Xavier Velasco
Cada vez que a la musa le da por esfumarse sin más explicación, conviene oír a quienes consideran que las musas están sobrevaluadas. Se las espera con místicas ansias, se las recibe con virtual beatitud, se las perdona con cristiana resignación porque después de tanto haberse hecho soñar no son capaces de llevar a cabo una sola tarea práctica. Puede uno morirse de hambre, pena o frío en su impasible presencia, que no habrán de mover un dedo para impedirlo. Son, como los pegasos y los unicornios, esencialmente una especie ingrata y voluble, frente a la cual un gato parecería un perro. Cree uno saber, de muy torpe antemano, todo el bien que la musa le hará a su trabajo, por eso está dispuesto a pagar cualquier precio por retenerla, como a un enervante injertado en combustible. Pues por pagarme el vicio que aquí a diario despliego sería capaz de endeudar de por vida a mis tataranietos y vender a los suyos como esclavos en Júpiter, y las musas lo saben tan de cierto que pueden elevar sus honorarios astronómicamente sin tener que sentarse a negociar. ¿Existe condición negociadora más favorable ante un cliente supersticioso que la de presentarse como talismán?

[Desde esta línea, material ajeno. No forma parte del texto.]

text \<open>Since p vanishes on T_r, the entry (i, j) of p(a) depends only on the diagonal block of
  the a_k from i to j, so p(a) lies in T_n^(r-1) for every tuple a; since p does not vanish
  on T_(r+1), the corner entry of some p(b) on T_(r+1) is nonzero, and placing b on the
  block at i makes entry (i, i+r) nonzero. Over an infinite field, one tuple a makes all
  entries on the r-th superdiagonal nonzero at once (each entry is a polynomial along a
  line of tuples). Then X = p(a) and A' are both in T_n^(r-1) with nonzero r-th
  superdiagonal, and solving g X = A' g entrywise gives an upper triangular invertible g.
  Hence A' = g p(a) g^(-1) = p(g a g^(-1)).\<close>

lemma sum_lessThan_subset:
  assumes "S \<subseteq> {..<(n::nat)}" "\<And>k. k < n \<Longrightarrow> k \<notin> S \<Longrightarrow> f k = 0"
  shows "(\<Sum>k<n. f k) = (\<Sum>k\<in>S. f k)"
  using assms by (intro sum.mono_neutral_right) auto

lemma sum_lessThan_window:
  fixes f :: "nat \<Rightarrow> 'b::comm_monoid_add"
  assumes "i + t < n" "\<And>k. k < n \<Longrightarrow> k < i + s \<or> i + t < k \<Longrightarrow> f k = 0"
  shows "(\<Sum>k<n. f k) = (\<Sum>q\<in>{s..t}. f (i + q))"
proof -
  have "(\<Sum>k<n. f k) = (\<Sum>k\<in>{i+s..i+t}. f k)"
    by (rule sum_lessThan_subset) (use assms in auto)
  also have "\<dots> = (\<Sum>q\<in>{s..t}. f (i + q))"
    using sum.reindex[of "\<lambda>q. i + q" "{s..t}" f] by (simp add: add.commute)
  finally show ?thesis .
qed
text \<open>For fixed \<open>z\<close> in the upper half-plane, \<open>s \<mapsto> hC (x + s a + z b)\<close> has all its zeros in the
  closed lower half-plane, so its logarithmic derivative at \<open>0\<close>, which is \<open>A z / B z\<close>, has
  nonpositive imaginary part.\<close>

lemma plane_coeff_Im_ratio_nonpos:
  assumes he: "hyperbolic_along e"
    and x: "x \<in> hcone h e" and a: "a \<in> hcone h e" and b: "b \<in> hcone h e" and z: "Im z > 0"
  shows "Im (poly (cpoly (plane_coeff x a b 1)) z / poly (cpoly (plane_coeff x a b 0)) z) \<le> 0"
proof -
  define Q where "Q = map_poly (\<lambda>q. poly q z) (plane_exp x a b)"
  have Q: "poly Q s = hC (cvec x + s *s cvec a + z *s cvec b)" for s by (simp add: Q_def poly_plane_exp)
  have "poly Q 0 \<noteq> 0"
  proof
    assume "poly Q 0 = 0"
    hence "hC (cvec x + z *s cvec b) = 0" using Q[of 0] by simp
    hence "Im z = 0" using garding_hyperbolic_along[OF he b] unfolding hyperbolic_along_def by blast
    thus False using z by simp
  qed
  moreover have "Im s \<le> 0" if "poly Q s = 0" for s
  proof (rule ccontr)
    assume "\<not> Im s \<le> 0"
    hence "hC (cvec x + s *s cvec a + z *s cvec b) \<noteq> 0"
      using hC_plane_nonzero[OF he x a b, of s z] z by simp
    thus False using that Q by simp
  qed
  ultimately have "Im (coeff Q 1 / coeff Q 0) \<le> 0" by (rule Im_coeff_ratio_nonpos)
  thus ?thesis by (simp add: Q_def coeff_map_poly_eval coeff_plane_exp)
qed
lemma D_word_eq:
  "D_word w v = (\<Sum>j<length w.
     if AIO (take j w @ rule_word (w ! j) @ up (drop (Suc j) w)) = v
     then monom 1 (rule_exp (w ! j)) else 0)"
  unfolding D_word_def rule_AndII_eq
  by (intro sum.cong refl, subst supp_single_elt) (simp_all add: single_elt_def)

lemma AIO_attach_word:
  "k < n_slots T \<Longrightarrow> AIO (take k (tree_word T c) @ rule_word (tree_word T c ! k) @
     up (drop (Suc k) (tree_word T c))) = tree_word (attach T k M) c"
  using AIO_tree_word[of "attach T k M" c] tree_word_attach[of k T M c] by simp

lemma D_word_tree_word:
  "D_word (tree_word T 0) v = (\<Sum>k<n_slots T.
     if tree_word (attach T k M) 0 = v then monom 1 (rule_exp (tree_word T 0 ! k)) else 0)"
  unfolding D_word_eq length_tree_word
  by (intro sum.cong refl) (simp add: AIO_attach_word[where M = M])

definition andre_gf :: "nat \<Rightarrow> 'a::comm_ring_1 elt" where
  "andre_gf m = sum_words (andreII_trees m) (\<lambda>T. tree_word T 0) (\<lambda>T. monom 1 (inv_count T))"

lemma D_AndII_andre_gf:
  assumes "0 < m"
  shows "D_AndII (andre_gf m) = andre_gf (Suc m)"
proof
  fix v
  let ?A = "andreII_trees m"
  let ?S = "SIGMA T:?A. {..<n_slots T}"
  let ?attach = "\<lambda>(T, k). attach T k (Suc m)"
  let ?h = "\<lambda>T. if tree_word T 0 = v then monom 1 (inv_count T) else 0"
  have fin: "finite ?A" using assms by (rule finite_andreII_trees)
  have "D_AndII (andre_gf m) v = (\<Sum>T\<in>?A. monom 1 (inv_count T) * D_word (tree_word T 0) v)"
    unfolding D_AndII_def andre_gf_def using fin by (rule lin_ext_sum_words)
  also have "\<dots> = (\<Sum>T\<in>?A. \<Sum>k<n_slots T. ?h (attach T k (Suc m)))"
  proof (intro sum.cong refl)
    fix T assume "T \<in> ?A"
    then have "distinct (label_list T)" "\<forall>x\<in>labels T. x < Suc m"
      by (auto simp: andreII_trees_def incr_tree_on_def)
    then show "monom 1 (inv_count T) * D_word (tree_word T 0) v =
        (\<Sum>k<n_slots T. ?h (attach T k (Suc m)))"
      by (auto simp: D_word_tree_word[where M = "Suc m"] sum_distrib_left inv_count_attach
          mult_monom intro!: sum.cong)
  qed
  also have "\<dots> = (\<Sum>(T, k)\<in>?S. ?h (attach T k (Suc m)))"
    using fin by (intro sum.Sigma) auto
  also have "\<dots> = (\<Sum>T\<in>andreII_trees (Suc m). ?h T)"
  proof (rule sum.reindex_cong[symmetric, OF _ andreII_trees_Suc[OF assms]])
    show "inj_on ?attach ?S"
      by (rule inj_on_attach) (auto simp: andreII_trees_def incr_tree_on_def)
  qed auto
  also have "\<dots> = andre_gf (Suc m) v"
    by (simp add: andre_gf_def sum_words_def)
  finally show "D_AndII (andre_gf m) v = andre_gf (Suc m) v" .
qed

lemma andre_gf_1: "andre_gf (Suc 0) = single_elt [(VX, 0)] 1"
proof -
  have "inv_count (Node Leaf 1 Leaf) = 0"
    by (simp add: inv_count_Node)
  then show ?thesis
    by (simp add: andre_gf_def sum_words_def andreII_trees_1 single_elt_def fun_eq_iff)
qed

lemma D_AndII_iterate: "(D_AndII ^^ n) (single_elt [(VX, 0)] 1) = andre_gf (Suc n)"
  by (induction n) (simp_all add: andre_gf_1 D_AndII_andre_gf)

lemma count_VX_tree_word: "length (filter (\<lambda>l. fst l = VX) (tree_word T c)) = n_leaves T"
  by (induction T arbitrary: c) auto

lemma count_VY_tree_word:
  "andre2 T \<Longrightarrow> length (filter (\<lambda>l. fst l = VY) (tree_word T c)) = n_unary T"
proof (induction T arbitrary: c)
  case (Node l v r)
  have "l \<noteq> Leaf \<Longrightarrow> r \<noteq> Leaf"
    using Node.prems by (auto simp: min_label_def)
  with Node show ?case by auto
qed simp

theorem theorem6p12:
  fixes n a b c :: nat
  shows "phi_coeff (((D_AndII :: ('a::{comm_ring_1, ring_char_0}) elt \<Rightarrow> 'a elt) ^^ n)
                     (single_elt [(VX, 0)] 1)) a b c
         = of_nat (card {T \<in> andreII_trees (Suc n).
                 n_leaves T = a \<and> n_unary T = b \<and> inv_count T = c})"
proof -
  have "phi_coeff ((D_AndII ^^ n) (single_elt [(VX, 0)] 1) :: 'a elt) a b c =
    of_nat (card {T \<in> andreII_trees (Suc n).
      length (filter (\<lambda>l. fst l = VX) (tree_word T 0)) = a \<and>
      length (filter (\<lambda>l. fst l = VY) (tree_word T 0)) = b \<and> inv_count T = c})"
    unfolding D_AndII_iterate andre_gf_def
    by (rule phi_coeff_sum_words) (simp add: finite_andreII_trees)
  also have "{T \<in> andreII_trees (Suc n).
      length (filter (\<lambda>l. fst l = VX) (tree_word T 0)) = a \<and>
      length (filter (\<lambda>l. fst l = VY) (tree_word T 0)) = b \<and> inv_count T = c} =
    {T \<in> andreII_trees (Suc n). n_leaves T = a \<and> n_unary T = b \<and> inv_count T = c}"
    by (auto simp: andreII_trees_def count_VX_tree_word count_VY_tree_word)
  finally show ?thesis .
qed

end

Las musas son sensibles a los rituales. Igual que sus clientes, creen poco o nada en las casualidades y lo atribuyen todo a las coincidencias. ¿O es acaso casual que estas líneas ocurran precisamente durante un plenilunio, cuando más y mejor le brincotea a uno el animal interno? Momento ideal, por cierto, para tomar al toro por los cuernos y enseñarle a esa vampiresa intrusa quién hace aquí bailar al murciélago. Si a la musa le crecen los colmillos en una noche así, uno tiene de pronto las manos peludas y el hocico babeando para responderle. ¿Qué quiere Vampirella? ¿Mi hemoglobina? Ni siquiera enterrándome un colmillo en la yugular y el otro en la carótida conseguiría mi musa persuadirme de esa fruslería. La sangre que ella busca, etérea al fin, no es otra que mi fe, que al cabo es la moneda corriente de la ficción. Con tal de conseguir la fe de quien me lee soy capaz de saltarle al cuello, encajarle completa mi sed de quimera y esperar que la suya no sea menos ansiosa. Puedo hacerme abismal, y hasta normal; puedo si es necesario confesar la verdad a grito pelado, pero no sin el tanque repleto de una fe francamente fanática. Necesito creer en lo invisible por encima de lo palpable, y para eso las musas son de gran ayuda. “Por algo habrá llegado”, supone uno, y así construye un puente entre su arribo y el mundo imaginario donde vive, con apenas un poco de interés por el resto.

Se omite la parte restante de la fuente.